Okay, if you know me at all, you know I love me some Amazing Race. Our household STOPS when it is on. The children are put to bed and threatened within an inch of their lives to stay there! It is the one night that I allow myself an evening snack. But that is not the race that I am talking about.
I'm talking about THIS race:
24However, I consider my life worth nothing to me, if only I may finish the race and complete the task the Lord Jesus has given me—the task of testifying to the gospel of God's grace.
And recently the race has all been up hill. I think I'm halfway up the Rockies about now. I'm just feeling unsure of what our future is going to look like. Does the congregation at Grace want us to stay? We can't live on the salary so I will have to look for work. But where? And how do I maintain a house for 7 people, laundry, dishes, etc, for 7 people? It is a full time job for me now.
I've been so blessed to be available to my children during the school day. That probably won't be the case next year.
I'm not complaining, really, just ruminating. (I love that word!) Wondering what God has next on the map for my race.

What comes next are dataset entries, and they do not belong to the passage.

lemma exp_decay_factor_le:
  fixes \<mu> b :: real
  assumes "3/2 \<le> \<mu>" and "\<mu> \<le> b"
  shows "(1 + b) * exp (- 2 * (\<mu> - 1) * (b - \<mu> + 1)) \<le> (1 + \<mu>) * exp (2 - 2 * \<mu>)"
proof -
  define d where "d = b - \<mu>"
  have "0 \<le> d"
    using assms by (simp add: d_def)
  have "1 + b \<le> (1 + \<mu>) * (1 + d)"
    using assms \<open>0 \<le> d\<close> by (simp add: d_def algebra_simps)
  also have "\<dots> \<le> (1 + \<mu>) * exp d"
    using assms by (intro mult_left_mono) auto
  finally have linear: "1 + b \<le> (1 + \<mu>) * exp d" .
  have "d \<le> 2 * (\<mu> - 1) * d"
    using assms \<open>0 \<le> d\<close> mult_right_mono[of 1 "2 * (\<mu> - 1)" d] by simp
  then have "exp (- 2 * (\<mu> - 1) * (b - \<mu> + 1)) \<le> exp (2 - 2 * \<mu> + - d)"
    by (simp add: d_def algebra_simps)
  also have "\<dots> = exp (2 - 2 * \<mu>) * exp (- d)"
    by (rule exp_add)
  finally have decay: "exp (- 2 * (\<mu> - 1) * (b - \<mu> + 1)) \<le> exp (2 - 2 * \<mu>) * exp (- d)" .
  have "(1 + b) * exp (- 2 * (\<mu> - 1) * (b - \<mu> + 1))
      \<le> ((1 + \<mu>) * exp d) * (exp (2 - 2 * \<mu>) * exp (- d))"
    using assms by (intro mult_mono linear decay) auto
  also have "\<dots> = (1 + \<mu>) * exp (2 - 2 * \<mu>)"
    by (simp add: exp_minus field_simps)
  finally show ?thesis .
qed

theorem lemmaC8:
  shows "\<exists>c::real > 0. \<forall>\<mu> \<mu>s :: real. \<mu> > 0 \<longrightarrow> \<mu>s > 0 \<longrightarrow> c \<le> \<mu> \<longrightarrow> \<mu> \<le> 4/3 * \<mu>s \<longrightarrow>
            G \<mu> \<mu>s \<le> 0.01 * \<bar>\<mu> - \<mu>s\<bar>"
proof -
  have "\<forall>\<^sub>F \<mu> in at_top. 8 * \<mu> * ((1 + \<mu>) * exp (2 - 2 * \<mu>)) \<le> (1 / 100 :: real)"
    by real_asymp
  then obtain c :: real where c: "\<And>\<mu>. c \<le> \<mu> \<Longrightarrow> 8 * \<mu> * ((1 + \<mu>) * exp (2 - 2 * \<mu>)) \<le> 1 / 100"
    unfolding eventually_at_top_linorder by blast
  show ?thesis
  proof (intro exI[of _ "max c (3/2)"] conjI allI impI)
    fix \<mu> \<mu>s :: real
    assume "\<mu>s > 0" and \<mu>: "max c (3/2) \<le> \<mu>"
    show "G \<mu> \<mu>s \<le> 0.01 * \<bar>\<mu> - \<mu>s\<bar>"
    proof (cases "\<mu>s \<le> \<mu>")
      case True
      then show ?thesis
        using G_nonpos[of \<mu>s \<mu>] \<open>\<mu>s > 0\<close> by simp
    next
      case False
      have "G \<mu> \<mu>s \<le> 8 * \<mu> * ((1 + \<mu>s) * exp (- 2 * (\<mu> - 1) * (\<mu>s - \<mu> + 1))) * (\<mu>s - \<mu>)"
        using \<mu> False by (intro G_le_exp_decay) auto
      also have "\<dots> \<le> 8 * \<mu> * ((1 + \<mu>) * exp (2 - 2 * \<mu>)) * (\<mu>s - \<mu>)"
        using \<mu> False by (intro mult_right_mono mult_left_mono exp_decay_factor_le) auto
      also have "\<dots> \<le> 1 / 100 * (\<mu>s - \<mu>)"
        using \<mu> False by (intro mult_right_mono c) auto
      finally show ?thesis
        using False by simp
    qed
  qed simp
qed

end
lemma RS_has_integral_heaviside_integral:
  fixes W :: "'a \<Rightarrow> complex"
  assumes W: "integrable M W" and [measurable]: "c \<in> borel_measurable M" "Measurable.pred M b"
    and lo: "\<And>k. heaviside (b k) (c k) lo = 0" and hi: "\<And>k. heaviside (b k) (c k) hi = 1"
  shows "RS_has_integral complex_of_real (\<lambda>t. \<integral>k. heaviside (b k) (c k) t * W k \<partial>M) lo hi
           (\<integral>k. c k * W k \<partial>M)"
  unfolding RS_has_integral_iff
proof (intro allI impI)
  fix \<epsilon> :: real assume "\<epsilon> > 0"
  define C where "C = (\<integral>k. norm (W k) \<partial>M)"
  have "C \<ge> 0"
    unfolding C_def by simp
  define \<delta> where "\<delta> = \<epsilon> / (C + 1)"
  have "\<delta> > 0" and "\<delta> * C < \<epsilon>"
    unfolding \<delta>_def using \<open>\<epsilon> > 0\<close> \<open>C \<ge> 0\<close> by (simp_all add: field_simps)
  moreover have "cmod (RS_sum complex_of_real (\<lambda>t. \<integral>k. heaviside (b k) (c k) t * W k \<partial>M) n x \<xi>
      - (\<integral>k. c k * W k \<partial>M)) < \<epsilon>" if "fine_partition lo hi \<delta> n x \<xi>" for n x \<xi>
    using RS_sum_heaviside_integral_approx[OF W assms(2,3) lo hi that] \<open>\<delta> * C < \<epsilon>\<close>
    unfolding C_def by simp
  ultimately show "\<exists>\<delta>>0. \<forall>n x \<xi>. fine_partition lo hi \<delta> n x \<xi> \<longrightarrow>
      cmod (RS_sum complex_of_real (\<lambda>t. \<integral>k. heaviside (b k) (c k) t * W k \<partial>M) n x \<xi>
              - (\<integral>k. c k * W k \<partial>M)) < \<epsilon>"
    by blast
qed

lemma eventually_heaviside_at_right:
  assumes "c \<noteq> t"
  shows "eventually (\<lambda>s. heaviside b c s = heaviside b c t) (at_right t)"
proof (cases "c < t")
  case True
  have "eventually (\<lambda>s. s \<in> {t<..<t + 1}) (at_right t)"
    by (rule eventually_at_right_real) simp
  then show ?thesis
    by eventually_elim (use True in \<open>auto simp: heaviside_def\<close>)
next
  case False
  with assms have "t < c" by simp
  then have "eventually (\<lambda>s. s \<in> {t<..<c}) (at_right t)"
    by (rule eventually_at_right_real)
  then show ?thesis
    by eventually_elim (use \<open>t < c\<close> in \<open>auto simp: heaviside_def\<close>)
qed
text \<open>Writing a = h' s with h' in H' and
  s in the stabilizer of g m, the element h' determines m, because s = h'^-1 a is nontrivial and
  fixes at most one point of K.\<close>
lemma card_witness_set:
  assumes H': "H' \<in> frob_FC G K H" and g: "g \<in> carrier G"
    and a: "a \<in> carrier G" "a \<notin> H'"
  shows "card (witness_set H' g a) \<le> card H"
proof -
  let ?T = "witness_set H' g a"
  let ?stab = "\<lambda>m. frob_stab G K H (frob_circ G K H g m)"
  have H'c: "H' \<subseteq> carrier G" using frob_FC_member[OF H'] by simp
  have "\<exists>h'. h' \<in> H' \<and> inv h' \<otimes> a \<in> ?stab m" if m: "m \<in> ?T" for m
  proof -
    obtain h' s where hs: "h' \<in> H'" "s \<in> ?stab m" "a = h' \<otimes> s"
      using m unfolding witness_set_def set_mult_def by blast
    have "s \<in> carrier G" using hs(2) unfolding frob_stab_def by simp
    hence "inv h' \<otimes> a = s" using hs H'c inv_cancel_left by auto
    thus ?thesis using hs by blast
  qed
  then obtain f where f: "\<And>m. m \<in> ?T \<Longrightarrow> f m \<in> H' \<and> inv (f m) \<otimes> a \<in> ?stab m"
    by metis
  have "inj_on f ?T"
  proof (rule inj_onI)
    fix m m' assume m: "m \<in> ?T" "m' \<in> ?T" and eq: "f m = f m'"
    let ?s = "inv (f m) \<otimes> a"
    have fc: "f m \<in> carrier G" using f[OF m(1)] H'c by auto
    have s1: "?s \<noteq> \<one>"
      using f[OF m(1)] a fc inv_solve_left'[of \<one> "f m" a] by auto
    have mK: "m \<in> K" "m' \<in> K" using m unfolding witness_set_def by auto
    have "frob_circ G K H ?s (frob_circ G K H g m) = frob_circ G K H g m"
      "frob_circ G K H ?s (frob_circ G K H g m') = frob_circ G K H g m'"
      using f[OF m(1)] f[OF m(2)] eq unfolding frob_stab_def by auto
    hence "frob_circ G K H g m = frob_circ G K H g m'"
      using frob_circ_fixed_point_unique[OF _ s1 frob_circ_in_K[OF g mK(1)] frob_circ_in_K[OF g mK(2)]]
        fc a by simp
    thus "m = m'" using frob_circ_inj[OF g mK] by simp
  qed
  moreover have "f ` ?T \<subseteq> H'" using f by auto
  ultimately have "card ?T \<le> card H'"
    using card_inj_on_le frob_FC_member(2)[OF H'] by blast
  thus ?thesis using frob_FC_member(3)[OF H'] by linarith
qed

text \<open>A complement H' is always contained in every H' G_(g m), since G_(g m) contains 1;
  so failure of the strong-base property yields an element a outside H' and a witness set
  containing B.\<close>
lemma not_strong_base_witness:
  assumes B: "B \<subseteq> K" and not_base: "\<not> FC_strong_base G K H B"
  obtains H' g a where "H' \<in> frob_FC G K H" "g \<in> carrier G" "a \<in> carrier G" "a \<notin> H'"
    "B \<subseteq> witness_set H' g a"
proof -
  let ?Q = "\<lambda>H' g. carrier G \<inter> (\<Inter>m\<in>B. H' <#> frob_stab G K H (frob_circ G K H g m))"
  obtain H' g where H': "H' \<in> frob_FC G K H" and g: "g \<in> carrier G" and ne: "?Q H' g \<noteq> H'"
    using not_base unfolding FC_strong_base_def strong_base_def by blast
  have H'c: "H' \<subseteq> carrier G" using frob_FC_member[OF H'] by simp
  have "H' \<subseteq> ?Q H' g"
  proof
    fix h assume h: "h \<in> H'"
    have "h \<in> H' <#> frob_stab G K H (frob_circ G K H g m)" if "m \<in> B" for m
    proof -
      have "\<one> \<in> frob_stab G K H (frob_circ G K H g m)"
        using frob_circ_one frob_circ_in_K[OF g] B that unfolding frob_stab_def by auto
      moreover have "h = h \<otimes> \<one>" using h H'c by auto
      ultimately show ?thesis using h unfolding set_mult_def by blast
    qed
    thus "h \<in> ?Q H' g" using h H'c by auto
  qed
  then obtain a where "a \<in> ?Q H' g" "a \<notin> H'" using ne by blast
  moreover have "B \<subseteq> witness_set H' g a"
    using \<open>a \<in> ?Q H' g\<close> B unfolding witness_set_def by auto
  ultimately show ?thesis using that H' g by blast
qed

lemma card_non_bases:
  "card {B. B \<subseteq> K \<and> card B = l \<and> \<not> FC_strong_base G K H B}
     \<le> card K * card (carrier G) ^ 2 * (card H choose l)"
proof -
  define I where "I = {(H', g, a). H' \<in> frob_FC G K H \<and> g \<in> carrier G \<and> a \<in> carrier G \<and> a \<notin> H'}"
  define T where "T i = witness_set (fst i) (fst (snd i)) (snd (snd i))" for i
  have I_sub: "I \<subseteq> frob_FC G K H \<times> carrier G \<times> carrier G" unfolding I_def by auto
  have finite_I: "finite I" using finite_subset[OF I_sub] finite_frob_FC finite_G by simp
  have "card I \<le> card (frob_FC G K H) * (card (carrier G) * card (carrier G))"
    using card_mono[OF _ I_sub] finite_frob_FC finite_G by (simp add: card_cartesian_product)
  hence card_I: "card I \<le> card K * card (carrier G) ^ 2"
    using card_frob_FC by (simp add: power2_eq_square) (meson le_trans mult_le_mono1)
  have T: "finite (T i) \<and> card (T i) \<le> card H" if "i \<in> I" for i
    using that card_witness_set finite_K unfolding I_def T_def witness_set_def by auto
  have "{B. B \<subseteq> K \<and> card B = l \<and> \<not> FC_strong_base G K H B}
          \<subseteq> {B. card B = l \<and> (\<exists>i\<in>I. B \<subseteq> T i)}"
  proof safe
    fix B assume "B \<subseteq> K" "\<not> FC_strong_base G K H B"
    then obtain H' g a where "H' \<in> frob_FC G K H" "g \<in> carrier G" "a \<in> carrier G" "a \<notin> H'"
      "B \<subseteq> witness_set H' g a" by (rule not_strong_base_witness)
    thus "\<exists>i\<in>I. B \<subseteq> T i" unfolding I_def T_def by (intro bexI[of _ "(H', g, a)"]) auto
  qed
  hence "card {B. B \<subseteq> K \<and> card B = l \<and> \<not> FC_strong_base G K H B}
          \<le> card {B. card B = l \<and> (\<exists>i\<in>I. B \<subseteq> T i)}"
    by (rule card_mono[rotated]) (use finite_I T in \<open>auto intro: finite_subset\<close>)
  also have "\<dots> \<le> card I * (card H choose l)" by (rule card_covered_subsets[OF finite_I T])
  also have "\<dots> \<le> card K * card (carrier G) ^ 2 * (card H choose l)"
    using card_I by (rule mult_le_mono1)
  finally show ?thesis .
qed
section \<open>Connectivity and bounds on edge counts\<close>

lemma card_verts_ge_2:
  assumes "simple_graph G" "snd G \<noteq> {}"
  shows "2 \<le> card (fst G)"
proof -
  obtain e where "e \<in> snd G" using assms(2) by blast
  then have "e \<subseteq> fst G" "card e = 2" "finite (fst G)"
    using assms(1) unfolding simple_graph_def by auto
  then show ?thesis by (metis card_mono)
qed

lemma connected_graph_edge_leavingE:
  assumes "connected_graph G" "u \<in> A" "u \<in> fst G" "w \<in> fst G" "w \<notin> A"
  obtains x y where "{x, y} \<in> snd G" "x \<in> A" "y \<notin> A"
proof -
  have "(u, w) \<in> (adj_rel G)\<^sup>*" using assms unfolding connected_graph_def by blast
  then have "\<exists>x y. (x, y) \<in> adj_rel G \<and> x \<in> A \<and> y \<notin> A"
    using assms(2,5) by (induction rule: rtrancl_induct) auto
  then show ?thesis using that unfolding adj_rel_def by auto
qed

lemma deg_pos_connected:
  assumes "connected_graph G" "2 \<le> card (fst G)" "v \<in> fst G"
  shows "0 < deg G v"
proof -
  have "\<not> fst G \<subseteq> {v}"
    using assms(2) card_mono[of "{v}" "fst G"] by auto
  then obtain w where "w \<in> fst G" "w \<notin> {v}" by blast
  then obtain y where "{v, y} \<in> snd G"
    using connected_graph_edge_leavingE[OF assms(1) singletonI assms(3)] by blast
  then show ?thesis
    using deg_pos_if_incident[of G "{v, y}" v] assms(1) unfolding connected_graph_def by simp
qed

lemma card_verts_eq_sum_nv:
  assumes G: "connected_graph G" "2 \<le> card (fst G)" "\<forall>v\<in>fst G. deg G v \<le> k"
  shows "card (fst G) = (\<Sum>i=1..k. nv G i)"
proof -
  have fin: "finite (fst G)" using G(1) unfolding connected_graph_def simple_graph_def by blast
  have degs: "deg G ` fst G \<subseteq> {1..k}"
    using deg_pos_connected[OF G(1,2)] G(3) by (auto simp: Suc_le_eq)
  show ?thesis
    using sum.group[OF fin finite_atLeastAtMost degs, of "\<lambda>_. 1::nat"] by (simp add: nv_def)
qed

lemma me_pos_imp_degree_pair:
  assumes G: "simple_graph G" "\<forall>v\<in>fst G. deg G v \<le> k" and "0 < me G a b"
  shows "(min a b, max a b) \<in> degree_pairs k"
proof -
  obtain e where "e \<in> snd G" "deg G ` e = {a, b}"
    using assms(3) unfolding me_def card_gt_0_iff by blast
  then obtain a' b' where "(a', b') \<in> degree_pairs k" "{a, b} = {a', b'}"
    using edge_degree_pairE[OF G] by metis
  then show ?thesis by (auto simp: degree_pairs_def doubleton_eq_iff)
qed

lemma me_eq_0_outside:
  assumes G: "simple_graph G" "\<forall>v\<in>fst G. deg G v \<le> k"
    and zero: "\<forall>(a, b)\<in>degree_pairs k. {a, b} \<notin> S \<longrightarrow> me G a b = 0"
    and "{a, b} \<notin> S"
  shows "me G a b = 0"
proof (rule ccontr)
  assume "me G a b \<noteq> 0"
  then have "(min a b, max a b) \<in> degree_pairs k" using me_pos_imp_degree_pair[OF G] by simp
  moreover have "{min a b, max a b} = {a, b}" by (auto simp: min_def max_def)
  ultimately have "me G a b = 0" using zero assms(4) by (force simp: me_def)
  with \<open>me G a b \<noteq> 0\<close> show False ..
qed

lemma me_pos_leaving_degree_class:
  assumes G: "connected_graph G" "\<forall>v\<in>fst G. deg G v \<le> k"
    and "0 < nv G i" "nv G i < card (fst G)"
  shows "\<exists>d. 1 \<le> d \<and> d \<le> k \<and> d \<noteq> i \<and> 0 < me G i d"
proof -
  let ?A = "{v \<in> fst G. deg G v = i}"
  have sg: "simple_graph G" using G(1) unfolding connected_graph_def by blast
  have "?A \<noteq> {}" using assms(3) unfolding nv_def by (metis card.empty less_irrefl)
  then obtain u where u: "u \<in> ?A" by blast
  have "?A \<noteq> fst G" using assms(4) unfolding nv_def by auto
  then obtain w where w: "w \<in> fst G" "w \<notin> ?A" by blast
  obtain x y where e: "{x, y} \<in> snd G" "x \<in> ?A" "y \<notin> ?A"
    using connected_graph_edge_leavingE[OF G(1) u _ w] u by blast
  have "y \<in> fst G" using e(1) sg unfolding simple_graph_def by blast
  then have "deg G y \<noteq> i" using e(3) by simp
  moreover have "{x, y} \<in> {e \<in> snd G. deg G ` e = {i, deg G y}}" using e(1,2) by auto
  then have "0 < me G i (deg G y)"
    unfolding me_def using finite_edges[OF sg] by (auto simp: card_gt_0_iff)
  moreover have "1 \<le> deg G y" "deg G y \<le> k"
    using deg_pos_if_incident[OF sg e(1)] G(2) \<open>y \<in> fst G\<close> by (auto simp: Suc_le_eq)
  ultimately show ?thesis by blast
qed

lemma me_le_choose:
  assumes "simple_graph G"
  shows "me G a a \<le> nv G a choose 2"
proof -
  let ?A = "{v \<in> fst G. deg G v = a}"
  have fin: "finite (fst G)" using assms simple_graph_def by blast
  have "{e \<in> snd G. deg G ` e = {a, a}} \<subseteq> {B. B \<subseteq> ?A \<and> card B = 2}"
    using assms unfolding simple_graph_def by (auto dest: equalityD1)
  then have "me G a a \<le> card {B. B \<subseteq> ?A \<and> card B = 2}"
    unfolding me_def using fin by (intro card_mono) auto
  also have "\<dots> = nv G a choose 2" using fin by (simp add: n_subsets nv_def)
  finally show ?thesis .
qed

There are some things that God has put on our hearts, real passions, and yet, I am not sure that they are open to us right now. In fact, I am sure they are not open to us right now. In HIS time, right?
So, right now I am going on faith, in a way I am not sure I ever have before
By Faith1Now faith is being sure of what we hope for and certain of what we do not see.
That is so hard sometimes! Kind of like in the Indiana Jones movie where Indy has to step out onto the pathway across the chasm. Sounds easy, except the pathway is not visible to the human eye.